Material shown =
(* Let $s\ge r$ be positive integers and let $Q$ be drawn from the uniform (Haar) measure on $V_r(\mathbb{R}^s)$. Then for any sets $S,U\subseteq[s]$ and $T,V\subseteq[r]$ with $|S|=|T|=i$ and $|U|=|V|=\ell$, \[ \mathbb{E}_Q\big[[Q]_{S,T}[Q]_{U,V}\big]=\frac{1}{\binom{s}{i}}\,\mathbf{1}[S=U]\,\mathbf{1}[T=V]. \]
   Context: $V_r(\mathbb{R}^s)$ (the Stiefel manifold) is the set of real $s\times r$ matrices with orthonormal columns, with its uniform (Haar) probability measure, invariant under left multiplication by $s\times s$ orthogonal matrices and right multiplication by $r\times r$ orthogonal matrices. For a matrix $C$ and index sets $S,T$ with $|S|=|T|$, $[C]_{S,T}=\det(\{C_{ij}\}_{i\in S,j\in T})$ is the $(S,T)$-minor. $[N]=\{1,\dots,N\}$. *)

theory Defs
  imports "HOL-Probability.Probability"
begin

text \<open>Index types carry a linear order so that minors can be
  taken with rows/columns in increasing order, as for [N] = {1..N}.\<close>

definition stiefel :: "(real^'c^'r) set" where
  "stiefel = {Q. transpose Q ** Q = mat 1}"

definition minor :: "real^('c::{finite,linorder})^('r::{finite,linorder}) \<Rightarrow> 'r set \<Rightarrow> 'c set \<Rightarrow> real" where
  "minor A S T =
     (let k = card S; xs = sorted_list_of_set S; ys = sorted_list_of_set T in
      \<Sum>p | p permutes {..<k}. of_int (sign p) * (\<Prod>i<k. A $ (xs ! i) $ (ys ! (p i))))"
lemma accepted_step_ge:
  obtains amin where "0 < amin" and "\<And>k. amin \<le> r ^ j k * a0 k"
proof -
  obtain e B where "0 < e" and bd: "\<And>y. y \<in> sublevel \<Longrightarrow> data_bounded_on B (ball y e)"
    using uniform_data_bound by blast
  have "0 < B" using data_bounded_onD(2)[OF bd[OF iterates_in_sublevel[of 0]], of "x 0"] \<open>0 < e\<close> by simp
  define amin where "amin = min alo (r * step_bound B e sig)"
  have short_is_last: "i = j k" if "i \<le> j k" "r ^ i * a0 k \<le> step_bound B e sig" for i k
  proof -
    have xk: "x k \<in> Omega g \<inter> C" using iterates_in_sublevel[of k] by (simp add: sublevel_def)
    have "0 < r ^ i * a0 k" using r_pos alo_pos a0_ge[of k] by simp
    then show ?thesis
      using small_step_accepted[OF bd[OF iterates_in_sublevel] \<open>0 < e\<close> _ z_subgrad _ that(2)
          trial_prox_step[OF that(1)]] xk accept_test_iff[OF xk z_subgrad] trial_test[OF that(1)]
      by blast
  qed
  have "amin \<le> r ^ j k * a0 k" for k
  proof (cases "j k")
    case 0
    then show ?thesis using a0_ge[of k] by (simp add: amin_def)
  next
    case (Suc i)
    then have "step_bound B e sig < r ^ i * a0 k" using short_is_last[of i k] by force
    then have "r * step_bound B e sig \<le> r ^ j k * a0 k"
      using r_pos Suc by (simp add: mult.assoc)
    then show ?thesis by (simp add: amin_def)
  qed
  moreover have "0 < amin"
    using alo_pos r_pos step_bound_pos[OF \<open>0 < B\<close> \<open>0 < e\<close>] sig_pos by (simp add: amin_def)
  ultimately show ?thesis using that by blast
qed

lemma steps_tendsto_zero: "(\<lambda>k. x (Suc k) - x k) \<longlonglongrightarrow> 0"
proof -
  obtain e B where "0 < e" and bd: "\<And>y. y \<in> sublevel \<Longrightarrow> data_bounded_on B (ball y e)"
    using uniform_data_bound by blast
  have lower: "- 2 * B \<le> objective y" if "y \<in> sublevel" for y
  proof -
    have "\<bar>h1 y\<bar> \<le> B" "\<bar>h2 y\<bar> \<le> B" using data_bounded_onD(7,8)[OF bd[OF that], of y] \<open>0 < e\<close> by auto
    moreover have "0 \<le> (f y)^2 / g y" using g_nonneg[of y] by simp
    ultimately show ?thesis unfolding objective_def abs_le_iff by linarith
  qed
  have telescope: "sig / 2 * (\<Sum>k<n. norm (x (Suc k) - x k)^2) \<le> objective (x 0) - objective (x n)" for n
  proof (induction n)
    case (Suc n)
    then show ?case
      using iterate_descent[of n] iterates_in_sublevel[of n] by (simp add: sublevel_def algebra_simps)
  qed simp
  have "summable (\<lambda>k. norm (x (Suc k) - x k)^2)"
  proof (rule summableI_nonneg_bounded)
    fix n
    show "(\<Sum>k<n. norm (x (Suc k) - x k)^2) \<le> (objective (x 0) + 2 * B) / (sig / 2)"
      using telescope[of n] lower[OF iterates_in_sublevel[of n]] sig_pos by (simp add: field_simps)
  qed simp
  then have "(\<lambda>k. norm (x (Suc k) - x k)^2) \<longlonglongrightarrow> 0" by (rule summable_LIMSEQ_zero)
  from tendsto_real_sqrt[OF this] have "(\<lambda>k. norm (x (Suc k) - x k)) \<longlonglongrightarrow> 0" by simp
  then show ?thesis by (simp add: tendsto_norm_zero_iff)
qed

lemma subgradients_bounded: "bounded (range z)"
proof -
  obtain e B where "0 < e" and bd: "\<And>y. y \<in> sublevel \<Longrightarrow> data_bounded_on B (ball y e)"
    using uniform_data_bound by blast
  have "norm (z k) \<le> 4 * B / e" for k
    using z_subgrad[of k] \<open>0 < e\<close> data_bounded_onD(8)[OF bd[OF iterates_in_sublevel]]
    by (intro subgradient_norm_le) (auto simp: subdiff_real_iff)
  then show ?thesis by (auto intro: boundedI)
qed
(* Let $U$ be as in the context and let $\mathcal{N}_U(\mathbb{N}_1)=\{x\in\mathbb{R}_1: U^k(x)\notin\mathbb{N}_1 \text{ for all } k\in\mathbb{N}_0\}$. Suppose that for every $n\in\mathbb{N}_1$ and every real $\rho>0$ there exists $z\in(n,n+\rho)\cap\mathcal{N}_U(\mathbb{N}_1)$ such that $\mathcal{T}_U(z)\to\{1,2\}$. Then the only $U$-cycle is $(1,2,1,2,\dots)$; that is, if $x\in\mathbb{R}_1$ and $U^k(x)=x$ for some $k\ge1$, then $x\in\{1,2\}$.
   Context: $\mathbb{R}_1=\{x\ge1\}$, $\mathbb{N}_0=\{0,1,2,\dots\}$, $\mathbb{N}_1=\{1,2,\dots\}$. $U:\mathbb{R}_1\to\mathbb{R}_1$: $U(x)=x/2$ if $\lfloor x\rfloor$ is even, $U(x)=(3x+1)/2$ if $\lfloor x\rfloor$ is odd; $U^i$ is the $i$-th iterate and $\mathcal T_U(x)=(U^i(x))_{i\ge0}$. The notation $\mathcal T_U(x)\to\{1,2\}$ means $\{\lim_{k\to\infty}U^{2k}(x),\lim_{k\to\infty}U^{2k+1}(x)\}=\{1,2\}$ (both limits existing). A $U$-cycle is the trajectory of a point $z$ with $U^n(z)=z$ for some $n\ge1$. *)

theory Defs
  imports "HOL-Analysis.Analysis"
begin

definition U :: "real \<Rightarrow> real" where
  "U x = (if even \<lfloor>x\<rfloor> then x / 2 else (3 * x + 1) / 2)"

definition N1 :: "real set" where
  "N1 = {real n | n. n \<ge> 1}"

definition NU_N1 :: "real set" where
  "NU_N1 = {x. x \<ge> 1 \<and> (\<forall>k::nat. (U ^^ k) x \<notin> N1)}"

definition traj_to_12 :: "real \<Rightarrow> bool" where
  "traj_to_12 x = (\<exists>a b. (\<lambda>k. (U ^^ (2 * k)) x) \<longlonglongrightarrow> a \<and>
                         (\<lambda>k. (U ^^ (2 * k + 1)) x) \<longlonglongrightarrow> b \<and> {a, b} = {1, 2})"

end

theory Submission
  imports Defs
begin

(* Call the points y whose first k iterates have the same integer parts as those of x the
   k-branch of x. On it U^k is affine, y \<mapsto> c y + d, with d > 0 as soon as one odd step occurs;
   hence a U-cycle x of period k, which is a fixed point of this map, has c < 1 and attracts a
   half-open interval around x. Taking that interval maximal, its left end is mapped by some U^j,
   j < k, to an integer n, so all points slightly to the right of n are attracted to U^j x along
   the multiples of k. By hypothesis one of them has even iterates converging to 1 or 2, so
   U^j x \<in> {1, 2}, and x lies on the cycle through U^j x. *)

lemma U_ge_1: "y \<ge> 1 \<Longrightarrow> U y \<ge> 1"
  unfolding U_def by (cases "\<lfloor>y\<rfloor> = 1") (auto, linarith)

lemma funpow_U_ge_1: "y \<ge> 1 \<Longrightarrow> (U ^^ i) y \<ge> 1"
  by (induction i) (auto intro: U_ge_1)

lemma funpow_U_12: "w \<in> {1, 2} \<Longrightarrow> (U ^^ i) w \<in> {1, 2}"
  by (induction i) (auto simp: U_def)

fun branch_slope :: "real \<Rightarrow> nat \<Rightarrow> real" where
  "branch_slope x 0 = 1"
| "branch_slope x (Suc i) = (if even \<lfloor>(U ^^ i) x\<rfloor> then 1 / 2 else 3 / 2) * branch_slope x i"

fun branch_offset :: "real \<Rightarrow> nat \<Rightarrow> real" where
  "branch_offset x 0 = 0"
| "branch_offset x (Suc i) =
     (if even \<lfloor>(U ^^ i) x\<rfloor> then branch_offset x i / 2 else (3 * branch_offset x i + 1) / 2)"

definition same_branch :: "nat \<Rightarrow> real \<Rightarrow> real \<Rightarrow> bool" where
  "same_branch k y x \<longleftrightarrow> (\<forall>i<k. \<lfloor>(U ^^ i) y\<rfloor> = \<lfloor>(U ^^ i) x\<rfloor>)"

lemma same_branch_Suc:
  "same_branch (Suc i) y x \<longleftrightarrow> same_branch i y x \<and> \<lfloor>(U ^^ i) y\<rfloor> = \<lfloor>(U ^^ i) x\<rfloor>"
  unfolding same_branch_def using less_Suc_eq by auto

lemma same_branch_le: "same_branch k y x \<Longrightarrow> i \<le> k \<Longrightarrow> same_branch i y x"
  unfolding same_branch_def by auto

lemma branch_slope_pos: "branch_slope x i > 0"
  by (induction i) auto

lemma branch_offset_nonneg: "branch_offset x i \<ge> 0"
  by (induction i) auto

lemma branch_slope_lt_1_or_offset_pos:
  "i \<ge> 1 \<Longrightarrow> branch_slope x i < 1 \<or> branch_offset x i > 0"
proof (induction i)
  case (Suc i)
  then show ?case
    using branch_slope_pos[of x i] branch_offset_nonneg[of x i] by (cases "i = 0") auto
qed simp

lemma funpow_U_branch_affine:
  "same_branch i y x \<Longrightarrow> (U ^^ i) y = branch_slope x i * y + branch_offset x i"
proof (induction i)
  case (Suc i)
  define a where "a = branch_slope x i * y + branch_offset x i"
  from Suc have "(U ^^ i) y = a" and "\<lfloor>a\<rfloor> = \<lfloor>(U ^^ i) x\<rfloor>"
    by (simp_all add: same_branch_Suc a_def)
  then have "(U ^^ Suc i) y = (if even \<lfloor>(U ^^ i) x\<rfloor> then a / 2 else (3 * a + 1) / 2)"
    by (simp add: U_def)
  then show ?case by (simp add: a_def field_simps)
qed simp

lemma funpow_U_branch_diff:
  "same_branch i y x \<Longrightarrow> (U ^^ i) y = (U ^^ i) x + branch_slope x i * (y - x)"
  using funpow_U_branch_affine[of i y x] funpow_U_branch_affine[of i x x]
  by (simp add: same_branch_def algebra_simps)

lemma same_branch_if_floor_eq:
  assumes "\<And>i. i < k \<Longrightarrow> \<lfloor>(U ^^ i) x + branch_slope x i * (y - x)\<rfloor> = \<lfloor>(U ^^ i) x\<rfloor>"
  shows "same_branch k y x"
  using assms
proof (induction k)
  case (Suc k)
  then have "same_branch k y x" by simp
  with Suc.prems show ?case by (simp add: same_branch_Suc funpow_U_branch_diff)
qed (simp add: same_branch_def)

lemma periodic_branch_slope_lt_1:
  assumes "x > 0" "k \<ge> 1" "(U ^^ k) x = x"
  shows "branch_slope x k < 1"
proof (rule ccontr)
  assume ge: "\<not> branch_slope x k < 1"
  then have "branch_slope x k * x \<ge> x" using \<open>x > 0\<close> by simp
  moreover have "x = branch_slope x k * x + branch_offset x k"
    using funpow_U_branch_affine[of k x x] assms(3) by (simp add: same_branch_def)
  ultimately show False
    using branch_slope_lt_1_or_offset_pos[of k x] \<open>k \<ge> 1\<close> ge by linarith
qed

(* The left end x - \<delta> is mapped by U^j to the integer \<lfloor>U^j x\<rfloor>. *)
lemma branch_interval:
  assumes "k \<ge> 1"
  obtains j \<delta> \<epsilon> where "j < k" "\<delta> \<ge> 0" "\<epsilon> > 0"
    "frac ((U ^^ j) x) = branch_slope x j * \<delta>"
    "\<And>y. x - \<delta> \<le> y \<Longrightarrow> y < x + \<epsilon> \<Longrightarrow> same_branch k y x"
proof -
  define s where "s = branch_slope x"
  define left where "left i = frac ((U ^^ i) x) / s i" for i
  define right where "right i = (1 - frac ((U ^^ i) x)) / s i" for i
  have s_pos: "s i > 0" for i unfolding s_def by (rule branch_slope_pos)
  have ne: "{..<k} \<noteq> {}" using assms by (auto simp: lessThan_empty_iff)
  obtain j where j: "j < k" "left j = Min (left ` {..<k})"
    using Min_in[of "left ` {..<k}"] ne by fastforce
  define \<epsilon> where "\<epsilon> = Min (right ` {..<k})"
  obtain i where "\<epsilon> = right i"
    using Min_in[of "right ` {..<k}"] ne unfolding \<epsilon>_def by fastforce
  then have "\<epsilon> > 0" using s_pos[of i] frac_lt_1[of "(U ^^ i) x"] by (simp add: right_def)
  moreover have "same_branch k y x" if y: "x - left j \<le> y" "y < x + \<epsilon>" for y
  proof (rule same_branch_if_floor_eq)
    fix i assume "i < k"
    then have "left j \<le> left i" "\<epsilon> \<le> right i"
      unfolding j(2) \<epsilon>_def by simp_all
    then have "x - y \<le> left i" "y - x < right i"
      using y by linarith+
    then have "- frac ((U ^^ i) x) \<le> s i * (y - x)" "s i * (y - x) < 1 - frac ((U ^^ i) x)"
      using s_pos[of i] by (auto simp: left_def right_def field_simps)
    then show "\<lfloor>(U ^^ i) x + branch_slope x i * (y - x)\<rfloor> = \<lfloor>(U ^^ i) x\<rfloor>"
      by (simp add: floor_eq_iff frac_def s_def)
  qed
  moreover have "frac ((U ^^ j) x) = s j * left j" using s_pos[of j] by (simp add: left_def)
  ultimately show thesis
    using that[of j "left j" \<epsilon>] j(1) s_pos[of j] unfolding s_def left_def by auto
qed

lemma convex_real_towards_mem:
  fixes x y t :: real
  assumes "convex I" "x \<in> I" "y \<in> I" "0 \<le> t" "t \<le> 1"
  shows "x + t * (y - x) \<in> I"
  using convexD_alt[OF assms] by (simp add: algebra_simps)

lemma funpow_period_on_branch:
  assumes "convex I" "x \<in> I" "y \<in> I" and branch: "\<And>v. v \<in> I \<Longrightarrow> same_branch k v x"
    and cycle: "(U ^^ k) x = x" and slope: "branch_slope x k < 1"
  shows "(U ^^ (m * k)) y = x + branch_slope x k ^ m * (y - x)"
proof (induction m)
  case (Suc m)
  define c where "c = branch_slope x k"
  define v where "v = x + c ^ m * (y - x)"
  have "0 \<le> c ^ m" "c ^ m \<le> 1"
    using branch_slope_pos[of x k] slope unfolding c_def by (simp_all add: power_le_one)
  then have "v \<in> I"
    unfolding v_def using convex_real_towards_mem \<open>convex I\<close> \<open>x \<in> I\<close> \<open>y \<in> I\<close> by blast
  have "(U ^^ (Suc m * k)) y = (U ^^ k) v"
    using Suc by (simp add: funpow_add v_def c_def)
  also have "\<dots> = x + c * (v - x)"
    using funpow_U_branch_diff[OF branch[OF \<open>v \<in> I\<close>]] cycle by (simp add: c_def)
  finally show ?case by (simp add: v_def c_def)
qed simp

lemma funpow_period_on_branch_tendsto:
  assumes "convex I" "x \<in> I" "y \<in> I" and branch: "\<And>v. v \<in> I \<Longrightarrow> same_branch k v x"
    and cycle: "(U ^^ k) x = x" and slope: "branch_slope x k < 1" and "i \<le> k"
  shows "(\<lambda>m. (U ^^ i) ((U ^^ (m * k)) y)) \<longlonglongrightarrow> (U ^^ i) x"
proof -
  define c where "c = branch_slope x k"
  have c: "0 < c" "c < 1" using branch_slope_pos slope unfolding c_def by auto
  have "(U ^^ i) ((U ^^ (m * k)) y) = (U ^^ i) x + branch_slope x i * (y - x) * c ^ m" for m
  proof -
    have "x + c ^ m * (y - x) \<in> I"
      using convex_real_towards_mem[of I x y "c ^ m"] assms(1-3) c by (simp add: power_le_one)
    from same_branch_le[OF branch[OF this] \<open>i \<le> k\<close>]
    have "(U ^^ i) (x + c ^ m * (y - x)) = (U ^^ i) x + branch_slope x i * (c ^ m * (y - x))"
      by (simp add: funpow_U_branch_diff)
    moreover have "(U ^^ (m * k)) y = x + c ^ m * (y - x)"
      using funpow_period_on_branch[OF assms(1-3) branch cycle slope] by (simp add: c_def)
    ultimately show ?thesis by simp
  qed
  moreover have "(\<lambda>m. (U ^^ i) x + branch_slope x i * (y - x) * c ^ m) \<longlonglongrightarrow>
      (U ^^ i) x + branch_slope x i * (y - x) * 0"
    using c by (intro tendsto_intros LIMSEQ_realpow_zero) auto
  ultimately show ?thesis by simp
qed

lemma periodic_point_attracts_right_of_integer:
  assumes "x \<ge> 1" "k \<ge> 1" and cycle: "(U ^^ k) x = x"
  obtains j and n :: nat and \<rho> :: real where "j < k" "n \<ge> 1" "\<rho> > 0"
    "\<And>z. real n < z \<Longrightarrow> z < real n + \<rho> \<Longrightarrow> (\<lambda>m. (U ^^ (m * k)) z) \<longlonglongrightarrow> (U ^^ j) x"
proof -
  obtain j \<delta> \<epsilon> where "j < k" "\<delta> \<ge> 0" "\<epsilon> > 0"
    and frac_j: "frac ((U ^^ j) x) = branch_slope x j * \<delta>"
    and branch: "\<And>y. x - \<delta> \<le> y \<Longrightarrow> y < x + \<epsilon> \<Longrightarrow> same_branch k y x"
    using branch_interval[OF \<open>k \<ge> 1\<close>] by blast
  define I where "I = {x - \<delta> ..< x + \<epsilon>}"
  define s where "s = branch_slope x j"
  define n where "n = nat \<lfloor>(U ^^ j) x\<rfloor>"
  have "s > 0" unfolding s_def by (rule branch_slope_pos)
  have slope: "branch_slope x k < 1" using periodic_branch_slope_lt_1 assms by simp
  have "x \<in> I" using \<open>\<delta> \<ge> 0\<close> \<open>\<epsilon> > 0\<close> by (simp add: I_def)
  have branch_I: "same_branch i v x" if "v \<in> I" "i \<le> k" for v i
    using same_branch_le[OF branch] that by (auto simp: I_def)
  have "n \<ge> 1" using funpow_U_ge_1[OF \<open>x \<ge> 1\<close>, of j] unfolding n_def by linarith
  have n_eq: "real n = (U ^^ j) x - s * \<delta>"
    using frac_j \<open>n \<ge> 1\<close> unfolding n_def s_def frac_def by simp
  have "(\<lambda>m. (U ^^ (m * k)) z) \<longlonglongrightarrow> (U ^^ j) x"
    if z: "real n < z" "z < real n + s * (\<delta> + \<epsilon>)" for z
  proof -
    define y where "y = x - \<delta> + (z - real n) / s"
    have "y \<in> I" using z \<open>s > 0\<close> by (auto simp: I_def y_def field_simps)
    have "(U ^^ j) y = (U ^^ j) x + s * (y - x)"
      using funpow_U_branch_diff branch_I[OF \<open>y \<in> I\<close>] \<open>j < k\<close> by (simp add: s_def)
    then have "z = (U ^^ j) y" using \<open>s > 0\<close> n_eq by (simp add: y_def field_simps)
    have "(U ^^ (m * k)) z = (U ^^ j) ((U ^^ (m * k)) y)" for m
      using \<open>z = (U ^^ j) y\<close> by (metis add.commute comp_apply funpow_add)
    moreover have "(\<lambda>m. (U ^^ j) ((U ^^ (m * k)) y)) \<longlonglongrightarrow> (U ^^ j) x"
      using funpow_period_on_branch_tendsto[of I x y k j] \<open>x \<in> I\<close> \<open>y \<in> I\<close> branch_I cycle slope \<open>j < k\<close>
      by (simp add: I_def)
    ultimately show ?thesis by simp
  qed
  moreover have "s * (\<delta> + \<epsilon>) > 0" using \<open>s > 0\<close> \<open>\<delta> \<ge> 0\<close> \<open>\<epsilon> > 0\<close> by simp
  ultimately show thesis using that \<open>j < k\<close> \<open>n \<ge> 1\<close> by blast
qed

theorem mainTheorem5:
  assumes hyp: "\<forall>n::nat. n \<ge> 1 \<longrightarrow> (\<forall>\<rho>::real. \<rho> > 0 \<longrightarrow>
                  (\<exists>z. real n < z \<and> z < real n + \<rho> \<and> z \<in> NU_N1 \<and> traj_to_12 z))"
  shows "\<forall>x::real. \<forall>k::nat. x \<ge> 1 \<and> k \<ge> 1 \<and> (U ^^ k) x = x \<longrightarrow> x \<in> {1, 2}"
proof (intro allI impI)
  fix x :: real and k :: nat
  assume "x \<ge> 1 \<and> k \<ge> 1 \<and> (U ^^ k) x = x"
  then have "x \<ge> 1" "k \<ge> 1" and cycle: "(U ^^ k) x = x" by auto
  obtain j n \<rho> where "j < k" "n \<ge> 1" "\<rho> > 0"
    and attract: "\<And>z. real n < z \<Longrightarrow> z < real n + \<rho> \<Longrightarrow> (\<lambda>m. (U ^^ (m * k)) z) \<longlonglongrightarrow> (U ^^ j) x"
    using periodic_point_attracts_right_of_integer[OF \<open>x \<ge> 1\<close> \<open>k \<ge> 1\<close> cycle] by blast
  then obtain z where "real n < z" "z < real n + \<rho>" "traj_to_12 z" using hyp by blast
  then obtain a b where even_lim: "(\<lambda>m. (U ^^ (2 * m)) z) \<longlonglongrightarrow> a" and "{a, b} = {1, 2}"
    and period_lim: "(\<lambda>m. (U ^^ (m * k)) z) \<longlonglongrightarrow> (U ^^ j) x"
    using attract unfolding traj_to_12_def by blast
  have "strict_mono (\<lambda>m. m * k)" "strict_mono (\<lambda>m. 2 * m :: nat)"
    using \<open>k \<ge> 1\<close> by (auto simp: strict_mono_def)
  have "(\<lambda>m. (U ^^ (2 * m * k)) z) \<longlonglongrightarrow> a"
    using LIMSEQ_subseq_LIMSEQ[OF even_lim \<open>strict_mono (\<lambda>m. m * k)\<close>] by (simp add: o_def mult.assoc)
  moreover have "(\<lambda>m. (U ^^ (2 * m * k)) z) \<longlonglongrightarrow> (U ^^ j) x"
    using LIMSEQ_subseq_LIMSEQ[OF period_lim \<open>strict_mono (\<lambda>m. 2 * m)\<close>] by (simp add: o_def)
  ultimately have "(U ^^ j) x = a" by (rule LIMSEQ_unique[symmetric])
  then have "(U ^^ j) x \<in> {1, 2}" using \<open>{a, b} = {1, 2}\<close> by (metis insertI1)
  moreover have "x = (U ^^ (k - j)) ((U ^^ j) x)"
    using cycle \<open>j < k\<close> by (metis funpow_add comp_apply le_add_diff_inverse2 less_imp_le)
  ultimately show "x \<in> {1, 2}" by (metis funpow_U_12)
qed

end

Goal of the exercise = Wherever the string "fastforce" is found in the entries, copy the line it sits in.

Response below =
    using Min_in[of "left ` {..<k}"] ne by fastforce
    using Min_in[of "right ` {..<k}"] ne unfolding \<epsilon>_def by fastforce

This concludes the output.